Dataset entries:
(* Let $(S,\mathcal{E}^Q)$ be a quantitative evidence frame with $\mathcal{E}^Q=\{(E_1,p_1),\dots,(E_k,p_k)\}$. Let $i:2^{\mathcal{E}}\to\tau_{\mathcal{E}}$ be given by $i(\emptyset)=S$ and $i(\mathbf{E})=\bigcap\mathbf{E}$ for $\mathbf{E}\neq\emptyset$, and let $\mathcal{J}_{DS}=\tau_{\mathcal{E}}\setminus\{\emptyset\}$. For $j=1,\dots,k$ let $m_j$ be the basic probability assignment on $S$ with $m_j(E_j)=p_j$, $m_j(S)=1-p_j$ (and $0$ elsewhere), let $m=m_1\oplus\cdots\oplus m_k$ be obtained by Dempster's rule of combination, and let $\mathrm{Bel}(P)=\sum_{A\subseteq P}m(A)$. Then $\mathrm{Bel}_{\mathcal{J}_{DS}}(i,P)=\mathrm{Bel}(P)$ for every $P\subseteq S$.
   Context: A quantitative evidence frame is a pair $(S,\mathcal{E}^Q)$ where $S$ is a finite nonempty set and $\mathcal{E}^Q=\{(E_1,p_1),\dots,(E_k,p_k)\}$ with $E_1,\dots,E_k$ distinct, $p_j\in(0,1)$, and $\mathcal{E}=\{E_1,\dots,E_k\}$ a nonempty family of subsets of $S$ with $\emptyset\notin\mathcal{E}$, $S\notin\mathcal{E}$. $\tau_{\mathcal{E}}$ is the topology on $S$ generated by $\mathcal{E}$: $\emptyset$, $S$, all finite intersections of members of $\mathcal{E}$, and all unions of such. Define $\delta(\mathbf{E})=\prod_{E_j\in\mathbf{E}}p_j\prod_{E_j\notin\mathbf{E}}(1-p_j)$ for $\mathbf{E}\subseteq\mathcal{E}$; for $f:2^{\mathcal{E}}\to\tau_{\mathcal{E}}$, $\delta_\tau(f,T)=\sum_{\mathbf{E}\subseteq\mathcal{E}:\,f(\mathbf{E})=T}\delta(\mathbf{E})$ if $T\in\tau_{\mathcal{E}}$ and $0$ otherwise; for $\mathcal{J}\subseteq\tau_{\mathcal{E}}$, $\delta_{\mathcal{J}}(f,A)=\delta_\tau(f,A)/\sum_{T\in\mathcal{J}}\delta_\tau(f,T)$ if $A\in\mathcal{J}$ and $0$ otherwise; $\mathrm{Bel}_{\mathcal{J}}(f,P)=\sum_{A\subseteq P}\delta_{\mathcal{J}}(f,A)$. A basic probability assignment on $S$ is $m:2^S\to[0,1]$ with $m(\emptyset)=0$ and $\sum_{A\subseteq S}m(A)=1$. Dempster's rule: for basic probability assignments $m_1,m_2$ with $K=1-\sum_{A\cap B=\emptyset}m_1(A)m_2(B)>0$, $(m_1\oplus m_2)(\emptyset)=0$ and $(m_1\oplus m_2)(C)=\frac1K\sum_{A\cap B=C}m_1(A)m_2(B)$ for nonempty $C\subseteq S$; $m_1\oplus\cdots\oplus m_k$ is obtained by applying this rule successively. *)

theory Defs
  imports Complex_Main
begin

---

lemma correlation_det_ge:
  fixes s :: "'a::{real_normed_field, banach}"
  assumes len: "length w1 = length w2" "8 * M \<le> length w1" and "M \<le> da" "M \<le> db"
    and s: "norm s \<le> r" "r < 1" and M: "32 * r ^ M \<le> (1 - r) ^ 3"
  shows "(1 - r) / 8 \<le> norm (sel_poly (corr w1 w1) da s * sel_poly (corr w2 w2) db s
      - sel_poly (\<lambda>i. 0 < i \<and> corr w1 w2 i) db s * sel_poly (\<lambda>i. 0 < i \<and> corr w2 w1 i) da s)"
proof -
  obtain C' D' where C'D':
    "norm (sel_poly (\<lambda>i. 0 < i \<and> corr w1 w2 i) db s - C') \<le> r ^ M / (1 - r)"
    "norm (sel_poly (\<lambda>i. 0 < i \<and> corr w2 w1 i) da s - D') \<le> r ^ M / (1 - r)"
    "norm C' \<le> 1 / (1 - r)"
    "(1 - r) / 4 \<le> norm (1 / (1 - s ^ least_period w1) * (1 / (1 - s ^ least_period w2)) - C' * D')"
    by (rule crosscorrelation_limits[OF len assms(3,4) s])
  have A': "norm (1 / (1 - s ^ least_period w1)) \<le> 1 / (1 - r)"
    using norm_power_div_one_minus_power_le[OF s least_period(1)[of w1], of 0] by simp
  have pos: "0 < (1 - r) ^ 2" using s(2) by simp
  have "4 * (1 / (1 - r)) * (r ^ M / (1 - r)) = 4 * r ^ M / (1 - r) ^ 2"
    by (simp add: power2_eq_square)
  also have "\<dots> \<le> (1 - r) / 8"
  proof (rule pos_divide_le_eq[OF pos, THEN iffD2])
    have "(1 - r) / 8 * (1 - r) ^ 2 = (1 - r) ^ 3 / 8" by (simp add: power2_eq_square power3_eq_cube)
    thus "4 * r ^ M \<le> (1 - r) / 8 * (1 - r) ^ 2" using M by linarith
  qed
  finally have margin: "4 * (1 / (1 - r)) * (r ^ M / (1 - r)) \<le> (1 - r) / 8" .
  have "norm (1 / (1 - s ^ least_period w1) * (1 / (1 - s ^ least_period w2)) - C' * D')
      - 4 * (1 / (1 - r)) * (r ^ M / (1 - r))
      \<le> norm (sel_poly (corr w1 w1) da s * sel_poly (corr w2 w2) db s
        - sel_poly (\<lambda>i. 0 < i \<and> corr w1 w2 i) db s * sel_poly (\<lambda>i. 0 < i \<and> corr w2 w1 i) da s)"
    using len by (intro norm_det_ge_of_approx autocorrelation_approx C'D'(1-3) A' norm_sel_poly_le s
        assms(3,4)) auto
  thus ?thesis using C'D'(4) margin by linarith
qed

==

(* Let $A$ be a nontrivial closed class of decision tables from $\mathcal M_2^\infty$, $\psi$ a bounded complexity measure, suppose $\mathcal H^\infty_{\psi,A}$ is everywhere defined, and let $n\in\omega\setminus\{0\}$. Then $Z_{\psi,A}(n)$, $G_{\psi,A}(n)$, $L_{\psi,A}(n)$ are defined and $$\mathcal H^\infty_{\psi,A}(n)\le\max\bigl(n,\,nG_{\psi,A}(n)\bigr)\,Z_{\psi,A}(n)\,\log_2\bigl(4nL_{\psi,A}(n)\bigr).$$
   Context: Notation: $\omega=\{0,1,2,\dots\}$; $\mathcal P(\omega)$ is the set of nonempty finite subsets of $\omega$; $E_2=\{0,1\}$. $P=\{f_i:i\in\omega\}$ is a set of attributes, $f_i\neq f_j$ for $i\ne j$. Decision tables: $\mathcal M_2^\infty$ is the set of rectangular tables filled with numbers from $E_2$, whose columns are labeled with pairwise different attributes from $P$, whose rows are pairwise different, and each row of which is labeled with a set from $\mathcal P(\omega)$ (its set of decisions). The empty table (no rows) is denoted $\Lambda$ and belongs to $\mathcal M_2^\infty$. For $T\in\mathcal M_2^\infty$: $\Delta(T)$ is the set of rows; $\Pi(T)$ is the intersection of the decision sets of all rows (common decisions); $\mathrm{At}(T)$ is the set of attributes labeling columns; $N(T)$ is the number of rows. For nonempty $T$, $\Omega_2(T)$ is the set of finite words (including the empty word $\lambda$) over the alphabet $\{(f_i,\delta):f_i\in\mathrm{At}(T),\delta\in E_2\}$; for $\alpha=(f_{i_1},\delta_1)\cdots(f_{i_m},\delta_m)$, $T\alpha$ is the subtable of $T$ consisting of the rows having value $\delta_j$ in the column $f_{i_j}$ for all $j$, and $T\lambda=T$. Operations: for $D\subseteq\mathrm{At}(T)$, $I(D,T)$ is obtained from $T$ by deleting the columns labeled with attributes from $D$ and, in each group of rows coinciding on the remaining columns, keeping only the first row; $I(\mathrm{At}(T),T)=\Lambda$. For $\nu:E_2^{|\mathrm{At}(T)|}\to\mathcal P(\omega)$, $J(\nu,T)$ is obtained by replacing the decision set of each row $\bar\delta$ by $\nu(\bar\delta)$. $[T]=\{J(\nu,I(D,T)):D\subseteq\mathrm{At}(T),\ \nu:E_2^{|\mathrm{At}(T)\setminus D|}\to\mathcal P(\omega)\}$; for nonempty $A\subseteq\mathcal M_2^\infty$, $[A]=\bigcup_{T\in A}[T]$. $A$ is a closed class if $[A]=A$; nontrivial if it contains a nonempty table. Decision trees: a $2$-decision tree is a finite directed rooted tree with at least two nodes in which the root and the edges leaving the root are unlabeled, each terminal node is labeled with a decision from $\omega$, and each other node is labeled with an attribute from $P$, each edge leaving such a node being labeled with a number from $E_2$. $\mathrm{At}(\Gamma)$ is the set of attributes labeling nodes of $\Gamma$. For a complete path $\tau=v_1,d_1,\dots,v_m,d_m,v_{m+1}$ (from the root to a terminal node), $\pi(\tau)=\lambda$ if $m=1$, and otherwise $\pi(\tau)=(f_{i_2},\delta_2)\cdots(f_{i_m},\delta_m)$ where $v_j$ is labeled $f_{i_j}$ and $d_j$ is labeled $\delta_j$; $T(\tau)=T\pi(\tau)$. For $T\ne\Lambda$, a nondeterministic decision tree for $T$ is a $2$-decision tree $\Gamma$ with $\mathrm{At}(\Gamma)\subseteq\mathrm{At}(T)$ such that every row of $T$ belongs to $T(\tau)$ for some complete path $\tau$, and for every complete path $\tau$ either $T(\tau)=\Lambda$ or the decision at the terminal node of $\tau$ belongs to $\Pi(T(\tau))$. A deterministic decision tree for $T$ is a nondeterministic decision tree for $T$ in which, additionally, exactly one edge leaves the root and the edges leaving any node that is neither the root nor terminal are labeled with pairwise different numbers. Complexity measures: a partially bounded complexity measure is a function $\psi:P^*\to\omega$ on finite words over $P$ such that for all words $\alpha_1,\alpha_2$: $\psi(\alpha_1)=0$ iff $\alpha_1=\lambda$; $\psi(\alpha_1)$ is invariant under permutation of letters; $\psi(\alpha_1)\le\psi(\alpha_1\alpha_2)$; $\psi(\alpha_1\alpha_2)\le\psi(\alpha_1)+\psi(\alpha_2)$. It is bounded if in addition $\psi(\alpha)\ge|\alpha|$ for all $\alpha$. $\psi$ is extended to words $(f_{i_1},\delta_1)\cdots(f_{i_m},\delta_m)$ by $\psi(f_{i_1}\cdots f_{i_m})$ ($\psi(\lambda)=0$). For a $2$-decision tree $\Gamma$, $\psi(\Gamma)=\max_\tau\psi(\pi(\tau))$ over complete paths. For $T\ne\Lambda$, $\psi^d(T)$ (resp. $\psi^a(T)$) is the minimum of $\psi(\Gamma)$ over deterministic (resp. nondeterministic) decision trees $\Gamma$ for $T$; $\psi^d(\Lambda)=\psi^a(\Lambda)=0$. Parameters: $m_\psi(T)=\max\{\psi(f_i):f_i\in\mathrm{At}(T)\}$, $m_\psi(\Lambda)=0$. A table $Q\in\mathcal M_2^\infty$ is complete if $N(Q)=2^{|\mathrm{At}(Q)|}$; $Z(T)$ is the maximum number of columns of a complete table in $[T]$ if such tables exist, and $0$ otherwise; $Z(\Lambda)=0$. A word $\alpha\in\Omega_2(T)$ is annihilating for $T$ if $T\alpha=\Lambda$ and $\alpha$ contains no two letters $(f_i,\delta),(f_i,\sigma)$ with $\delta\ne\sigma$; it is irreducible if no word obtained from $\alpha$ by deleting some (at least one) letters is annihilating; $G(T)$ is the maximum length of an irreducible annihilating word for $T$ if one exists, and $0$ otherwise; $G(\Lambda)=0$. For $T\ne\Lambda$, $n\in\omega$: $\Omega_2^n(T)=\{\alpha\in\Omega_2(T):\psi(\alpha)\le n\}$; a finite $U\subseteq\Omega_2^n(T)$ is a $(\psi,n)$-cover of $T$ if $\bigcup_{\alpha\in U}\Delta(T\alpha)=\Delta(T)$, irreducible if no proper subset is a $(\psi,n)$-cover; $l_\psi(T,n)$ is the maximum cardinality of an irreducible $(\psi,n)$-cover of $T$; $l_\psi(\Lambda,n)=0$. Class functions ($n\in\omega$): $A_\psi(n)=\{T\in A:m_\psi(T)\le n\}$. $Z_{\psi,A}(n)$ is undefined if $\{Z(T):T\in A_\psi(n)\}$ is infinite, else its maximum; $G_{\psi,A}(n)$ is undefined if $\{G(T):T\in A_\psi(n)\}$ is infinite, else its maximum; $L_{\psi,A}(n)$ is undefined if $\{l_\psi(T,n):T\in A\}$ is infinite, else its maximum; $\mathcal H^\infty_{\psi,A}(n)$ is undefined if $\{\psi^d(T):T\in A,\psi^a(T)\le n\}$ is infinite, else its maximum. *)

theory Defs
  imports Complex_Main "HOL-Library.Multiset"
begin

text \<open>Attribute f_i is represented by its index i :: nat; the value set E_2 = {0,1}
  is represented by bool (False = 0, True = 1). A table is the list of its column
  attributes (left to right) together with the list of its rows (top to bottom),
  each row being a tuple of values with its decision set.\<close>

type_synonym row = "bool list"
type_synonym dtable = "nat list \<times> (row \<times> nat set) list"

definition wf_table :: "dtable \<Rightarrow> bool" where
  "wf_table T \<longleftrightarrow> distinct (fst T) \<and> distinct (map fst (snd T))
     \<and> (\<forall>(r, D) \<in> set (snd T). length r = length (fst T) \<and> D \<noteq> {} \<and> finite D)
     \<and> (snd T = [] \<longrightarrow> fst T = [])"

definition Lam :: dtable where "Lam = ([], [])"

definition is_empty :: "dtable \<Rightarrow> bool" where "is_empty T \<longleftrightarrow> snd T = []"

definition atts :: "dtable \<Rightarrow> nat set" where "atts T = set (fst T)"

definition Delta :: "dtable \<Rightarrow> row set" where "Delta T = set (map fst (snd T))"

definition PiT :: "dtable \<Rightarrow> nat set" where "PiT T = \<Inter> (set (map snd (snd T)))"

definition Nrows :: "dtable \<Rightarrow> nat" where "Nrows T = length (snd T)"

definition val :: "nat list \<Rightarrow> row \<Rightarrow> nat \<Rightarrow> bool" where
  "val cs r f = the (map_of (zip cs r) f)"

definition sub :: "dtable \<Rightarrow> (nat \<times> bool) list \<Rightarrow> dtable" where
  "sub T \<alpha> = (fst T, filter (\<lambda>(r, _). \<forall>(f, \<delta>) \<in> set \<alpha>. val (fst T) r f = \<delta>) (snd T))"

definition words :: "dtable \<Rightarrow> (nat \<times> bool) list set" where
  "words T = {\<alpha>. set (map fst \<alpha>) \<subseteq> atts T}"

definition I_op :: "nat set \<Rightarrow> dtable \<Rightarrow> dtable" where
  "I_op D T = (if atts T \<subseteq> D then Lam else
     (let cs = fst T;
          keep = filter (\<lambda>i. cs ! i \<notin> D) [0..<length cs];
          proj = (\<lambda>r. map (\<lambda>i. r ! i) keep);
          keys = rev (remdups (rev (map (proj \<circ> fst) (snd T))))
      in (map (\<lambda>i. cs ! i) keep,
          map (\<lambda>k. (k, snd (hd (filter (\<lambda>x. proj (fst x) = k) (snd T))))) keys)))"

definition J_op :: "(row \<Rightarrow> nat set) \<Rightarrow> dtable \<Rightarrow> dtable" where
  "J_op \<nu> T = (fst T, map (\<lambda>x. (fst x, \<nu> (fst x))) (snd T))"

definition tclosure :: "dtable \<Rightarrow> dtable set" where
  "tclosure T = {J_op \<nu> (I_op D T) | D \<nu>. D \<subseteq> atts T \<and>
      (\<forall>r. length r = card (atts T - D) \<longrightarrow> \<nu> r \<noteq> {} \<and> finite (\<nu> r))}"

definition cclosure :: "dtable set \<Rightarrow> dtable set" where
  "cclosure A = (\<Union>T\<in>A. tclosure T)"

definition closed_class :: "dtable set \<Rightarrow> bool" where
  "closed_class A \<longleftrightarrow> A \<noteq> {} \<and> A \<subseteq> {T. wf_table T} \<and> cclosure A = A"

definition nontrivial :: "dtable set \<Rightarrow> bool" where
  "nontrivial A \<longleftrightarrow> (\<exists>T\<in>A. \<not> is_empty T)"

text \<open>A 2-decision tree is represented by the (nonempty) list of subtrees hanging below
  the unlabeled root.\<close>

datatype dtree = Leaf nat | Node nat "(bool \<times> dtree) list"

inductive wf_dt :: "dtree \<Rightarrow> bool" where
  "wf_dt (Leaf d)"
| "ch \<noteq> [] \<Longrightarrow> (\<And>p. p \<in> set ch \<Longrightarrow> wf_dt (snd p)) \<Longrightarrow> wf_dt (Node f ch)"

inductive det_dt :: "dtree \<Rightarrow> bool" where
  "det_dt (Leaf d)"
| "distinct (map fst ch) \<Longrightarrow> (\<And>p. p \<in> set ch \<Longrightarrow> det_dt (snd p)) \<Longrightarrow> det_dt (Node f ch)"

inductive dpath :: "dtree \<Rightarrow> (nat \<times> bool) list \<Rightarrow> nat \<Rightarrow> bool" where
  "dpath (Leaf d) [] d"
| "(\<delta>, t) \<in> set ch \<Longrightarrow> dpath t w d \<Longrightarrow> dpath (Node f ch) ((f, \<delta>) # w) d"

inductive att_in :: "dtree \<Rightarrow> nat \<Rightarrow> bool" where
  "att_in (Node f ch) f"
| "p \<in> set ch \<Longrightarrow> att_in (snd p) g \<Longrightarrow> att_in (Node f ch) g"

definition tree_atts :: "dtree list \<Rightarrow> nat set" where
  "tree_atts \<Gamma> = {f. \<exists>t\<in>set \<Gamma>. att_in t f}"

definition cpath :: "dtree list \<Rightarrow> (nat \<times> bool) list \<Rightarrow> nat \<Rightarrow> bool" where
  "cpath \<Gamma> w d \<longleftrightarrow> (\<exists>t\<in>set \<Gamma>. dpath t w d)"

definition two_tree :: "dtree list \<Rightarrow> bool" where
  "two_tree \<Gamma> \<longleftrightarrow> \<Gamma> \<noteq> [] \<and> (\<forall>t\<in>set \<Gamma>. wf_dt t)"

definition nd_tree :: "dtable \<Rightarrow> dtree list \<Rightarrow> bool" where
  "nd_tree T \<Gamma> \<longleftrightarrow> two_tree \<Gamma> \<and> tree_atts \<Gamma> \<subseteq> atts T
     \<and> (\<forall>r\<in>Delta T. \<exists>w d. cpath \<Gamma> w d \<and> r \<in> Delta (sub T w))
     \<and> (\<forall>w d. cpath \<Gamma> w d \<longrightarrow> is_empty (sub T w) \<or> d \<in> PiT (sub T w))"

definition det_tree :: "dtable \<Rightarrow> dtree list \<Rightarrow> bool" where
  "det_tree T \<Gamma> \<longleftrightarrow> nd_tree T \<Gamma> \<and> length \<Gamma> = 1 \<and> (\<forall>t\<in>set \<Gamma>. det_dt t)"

Work to be completed: Every line above that carries the string "forall" should be copied.

Task output:
     \<and> (\<forall>(r, D) \<in> set (snd T). length r = length (fst T) \<and> D \<noteq> {} \<and> finite D)
  "sub T \<alpha> = (fst T, filter (\<lambda>(r, _). \<forall>(f, \<delta>) \<in> set \<alpha>. val (fst T) r f = \<delta>) (snd T))"
      (\<forall>r. length r = card (atts T - D) \<longrightarrow> \<nu> r \<noteq> {} \<and> finite (\<nu> r))}"
  "two_tree \<Gamma> \<longleftrightarrow> \<Gamma> \<noteq> [] \<and> (\<forall>t\<in>set \<Gamma>. wf_dt t)"
     \<and> (\<forall>r\<in>Delta T. \<exists>w d. cpath \<Gamma> w d \<and> r \<in> Delta (sub T w))
     \<and> (\<forall>w d. cpath \<Gamma> w d \<longrightarrow> is_empty (sub T w) \<or> d \<in> PiT (sub T w))"
  "det_tree T \<Gamma> \<longleftrightarrow> nd_tree T \<Gamma> \<and> length \<Gamma> = 1 \<and> (\<forall>t\<in>set \<Gamma>. det_dt t)"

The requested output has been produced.